▶ [TASK ITEM]: Copy out only the span from the line with "using True by linarith" to the end of the data, both ends kept, word for word.

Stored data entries
§ §
text \<open>Either at least half of \<open>A\<close> is nonzero in every coordinate, or some coordinate
  vanishes on a \<open>1/(2 (m + 1))\<close> share of \<open>A\<close>; in both cases the bound holds for that part.\<close>

lemma exists_large_subset_sp_bound:
  fixes A :: "('a \<Rightarrow> real) set" and \<delta> c1 E1 c' E' :: real and m :: nat
  defines "e \<equiv> 1 + \<delta> / real (Suc m)" and "e' \<equiv> 1 + \<delta> / real (max m 1)"
  assumes "0 < \<delta>" "0 < c1" "0 \<le> E1" "0 < c'" "0 \<le> E'"
    and one_dim: "sp_lower_bound c1 (1 + \<delta>) E1 {B::real set. finite B \<and> B \<noteq> {}}"
    and lower_dim: "sp_lower_bound c' e' E' (supported_sets m :: ('a \<Rightarrow> real) set set)"
    and I: "finite I" "card I = Suc m"
    and A: "finite A" "A \<noteq> {}" "supported_on I A"
  obtains X where "X \<subseteq> A" "X \<noteq> {}" "card A \<le> 2 * Suc m * card X"
    "min c1 (c' / 2) * real (card X) powr e \<le> log_weight (card X) powr (max E1 E' + e) * sp_card X"
proof -
  define c0 E0 where "c0 = min c1 (c' / 2)" and "E0 = max E1 E' + e"
  have c0: "0 \<le> c0" "c0 \<le> c'"
    unfolding c0_def using assms(4,6) by auto
  have e: "0 \<le> e" "e \<le> e'"
    unfolding e_def e'_def using assms(3) by (auto simp: frac_le)
  have E0: "0 \<le> E0" "E' \<le> E0"
    unfolding E0_def using e(1) assms(7) max.cobounded2[of E1 E'] by linarith+
  define As where "As = {a\<in>A. \<forall>j\<in>I. a j \<noteq> 0}"
  show ?thesis
  proof (cases "card A \<le> 2 * card As")
    case True
    have As_ne: "As \<noteq> {}"
      using True A by (auto simp: card_gt_0_iff)
    have As: "As \<subseteq> A" "finite As" "supported_on I As" "\<forall>a\<in>As. \<forall>j\<in>I. a j \<noteq> 0"
      using A unfolding As_def supported_on_def by auto
    have "2 * card As \<le> 2 * Suc m * card As"
      by simp
    then have card_As: "card A \<le> 2 * Suc m * card As"
      using True by linarith
    have "c0 * real (card As) powr e \<le> log_weight (card As) powr E0 * sp_card As"
      using sp_card_lower_nonvanishing[OF assms(3-7) one_dim lower_dim[unfolded e'_def] I As(2) As_ne As(3,4)]
      by (simp only: c0_def E0_def e_def)
    with As(1) As_ne card_As show ?thesis
      unfolding c0_def E0_def by (rule that)
  next
    case False
    then obtain j where j: "j \<in> I" and many: "card A \<le> 2 * card I * card {a\<in>A. a j = 0}"
      using exists_coordinate_with_many_zeros[OF A(1) I(1)] unfolding As_def by auto
    define Z where "Z = {a\<in>A. a j = 0}"
    have Z_ne: "Z \<noteq> {}"
    proof
      assume "Z = {}"
      with many have "card A = 0"
        unfolding Z_def by simp
      with A show False
        by (simp add: card_eq_0_iff)
    qed
    have Z: "Z \<subseteq> A" "finite Z" "supported_on I Z" "\<forall>a\<in>Z. a j = 0"
      using A unfolding Z_def supported_on_def by auto
    have card_Z: "card A \<le> 2 * Suc m * card Z"
      using many I(2) unfolding Z_def by simp
    have "c0 * real (card Z) powr e \<le> log_weight (card Z) powr E0 * sp_card Z"
      by (rule sp_card_lower_vanishing_coordinate[OF lower_dim c0 e assms(7) E0(2) I(1,2) j Z(2) Z_ne Z(3,4)])
    with Z(1) Z_ne card_Z show ?thesis
      unfolding c0_def E0_def by (rule that)
  qed
qed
§ §
▶ [YOUR SOLUTION]:
      using True by linarith
    have "c0 * real (card As) powr e \<le> log_weight (card As) powr E0 * sp_card As"
      using sp_card_lower_nonvanishing[OF assms(3-7) one_dim lower_dim[unfolded e'_def] I As(2) As_ne As(3,4)]
      by (simp only: c0_def E0_def e_def)
    with As(1) As_ne card_As show ?thesis
      unfolding c0_def E0_def by (rule that)
  next
    case False
    then obtain j where j: "j \<in> I" and many: "card A \<le> 2 * card I * card {a\<in>A. a j = 0}"
      using exists_coordinate_with_many_zeros[OF A(1) I(1)] unfolding As_def by auto
    define Z where "Z = {a\<in>A. a j = 0}"
    have Z_ne: "Z \<noteq> {}"
    proof
      assume "Z = {}"
      with many have "card A = 0"
        unfolding Z_def by simp
      with A show False
        by (simp add: card_eq_0_iff)
    qed
    have Z: "Z \<subseteq> A" "finite Z" "supported_on I Z" "\<forall>a\<in>Z. a j = 0"
      using A unfolding Z_def supported_on_def by auto
    have card_Z: "card A \<le> 2 * Suc m * card Z"
      using many I(2) unfolding Z_def by simp
    have "c0 * real (card Z) powr e \<le> log_weight (card Z) powr E0 * sp_card Z"
      by (rule sp_card_lower_vanishing_coordinate[OF lower_dim c0 e assms(7) E0(2) I(1,2) j Z(2) Z_ne Z(3,4)])
    with Z(1) Z_ne card_Z show ?thesis
      unfolding c0_def E0_def by (rule that)
  qed
qed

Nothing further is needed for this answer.